[Date Prev][Date Next][Thread Prev][Thread Next][Date Index][Thread Index]
bug#6252: Emacs does not implement URL (aka "percent") decoding correctl
From: |
YAMAMOTO Mitsuharu |
Subject: |
bug#6252: Emacs does not implement URL (aka "percent") decoding correctly. |
Date: |
Mon, 24 May 2010 12:33:46 +0900 |
User-agent: |
Wanderlust/2.14.0 (Africa) SEMI/1.14.6 (Maruoka) FLIM/1.14.8 (Shijō) APEL/10.6 Emacs/22.3 (sparc-sun-solaris2.8) MULE/5.0 (SAKAKI) |
>>>>> On Sun, 23 May 2010 01:46:54 +0200, José A. Romero L.
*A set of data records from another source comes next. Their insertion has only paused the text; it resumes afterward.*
subsection \<open>The diagonal step for \<open>qpoly\<close>\<close>

lemma ln_increment_estimate:
  fixes K N :: real
  assumes "1 \<le> K" "K \<le> N" "N \<le> 2 * K"
  shows "4 * (ln (N + 2) - ln (N + 1))
    \<le> 3 * (ln (N + 2) - ln N) - 3 * (ln (K + 1) - ln K)
      + (ln (N + 2))\<^sup>2 / ln 2 - (ln N)\<^sup>2 / ln 2 - (ln (K + 1))\<^sup>2 / ln 2 + (ln K)\<^sup>2 / ln 2"
proof -
  define a a1 b b1 b2 L
    where "a = ln K" "a1 = ln (K + 1)" "b = ln N" "b1 = ln (N + 1)" "b2 = ln (N + 2)" "L = ln (2::real)"
  note defs = a_a1_b_b1_b2_L_def
  have "L > 0"
    by (simp add: defs)
  have "(K + 1) / K \<le> (N + 2) / N"
    using assms by (simp add: field_simps)
  then have "ln ((K + 1) / K) \<le> ln ((N + 2) / N)"
    using assms by (subst ln_le_cancel_iff) auto
  then have "a1 - a \<le> b2 - b"
    using assms by (simp add: defs ln_div)
  moreover have "2 \<le> K * (K + 1)"
    using assms mult_mono[of 1 K 2 "K + 1"] by simp
  then have "ln 2 \<le> ln (K * (K + 1))"
    using assms by (subst ln_le_cancel_iff) auto
  then have "L \<le> a + a1"
    using assms by (simp add: defs ln_mult)
  ultimately have "b2 - b - (a1 - a) \<le> (b2 - b - (a1 - a)) * (a + a1) / L"
    using \<open>L > 0\<close> mult_left_mono[of L "a + a1" "b2 - b - (a1 - a)"] by (simp add: pos_le_divide_eq)
  moreover have "4 * ((N - K) / ((N + 1) * K)) \<le> (b2 - b) * (b + b2 - (a + a1)) / L"
    using ln_ratio_mult_ln_product_ratio_ge[OF assms] assms by (simp add: defs ln_mult ln_div)
  moreover have "b - b1 + a1 - a \<le> (N - K) / ((N + 1) * K)"
    using ln_ratio_sum_le[of K N] assms by (simp add: defs ln_div)
  moreover have "b2\<^sup>2 / L - b\<^sup>2 / L - a1\<^sup>2 / L + a\<^sup>2 / L
      = (b2 - b - (a1 - a)) * (a + a1) / L + (b2 - b) * (b + b2 - (a + a1)) / L"
    using \<open>L > 0\<close> by (simp add: power2_eq_square field_simps)
  ultimately show ?thesis
    unfolding defs by (smt (verit))
qed

lemma qpoly_ratio_le:
  fixes K N :: real
  assumes "1 \<le> K" "K \<le> N" "N \<le> 2 * K"
  shows "(N + 2) * qpoly N * qpoly (K + 1) \<le> (N + 1) * qpoly (N + 2) * qpoly K"
proof -
  have "0 < N" "0 < N + 2" "0 < K" "0 < K + 1"
    using assms by auto
  then have "ln (N + 2) + ln (qpoly N) + ln (qpoly (K + 1)) \<le> ln (N + 1) + ln (qpoly (N + 2)) + ln (qpoly K)"
    using ln_increment_estimate[OF assms] by (simp add: ln_qpoly) argo
  moreover have pos: "qpoly N > 0" "qpoly (N + 2) > 0" "qpoly K > 0" "qpoly (K + 1) > 0"
    using assms by (simp_all add: qpoly_pos)
  ultimately have "ln ((N + 2) * qpoly N * qpoly (K + 1)) \<le> ln ((N + 1) * qpoly (N + 2) * qpoly K)"
    using assms by (simp add: ln_mult)
  then show ?thesis
    using assms pos by simp
qed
>>>>> <escherdragon@gmail.com> said:
> Seems that RFC 3986 has not been implemented correctly in
> Emacs. IMHO that is an important hole you have found there. The
> standard requires that all unreserved characters be encoded/decoded
> as UTF8 bytes.
If you are referring to the following part of RFC 3986, it doesn't say
anything about existing URI schemes (as opposed to "a new URI
scheme"), those defining a component that does NOT represent textual
data, or even for textual data, those NOT consisting of characters
from the Universal Character Sets.
When a new URI scheme defines a component that represents textual
data consisting of characters from the Universal Character Set
[UCS], the data should first be encoded as octets according to the
UTF-8 character encoding [STD63]; then only those octets that do not
correspond to characters in the unreserved set should be percent-
encoded.
(See also http://lists.gnu.org/archive/html/emacs-devel/2006-08/msg00065.html)
Though returning a multibyte string decoded as UTF-8 would be useful
for many cases, I think some "unhex"ing function should also provide a
functionality to return a unibyte string.
YAMAMOTO Mitsuharu
mituharu@math.s.chiba-u.ac.jp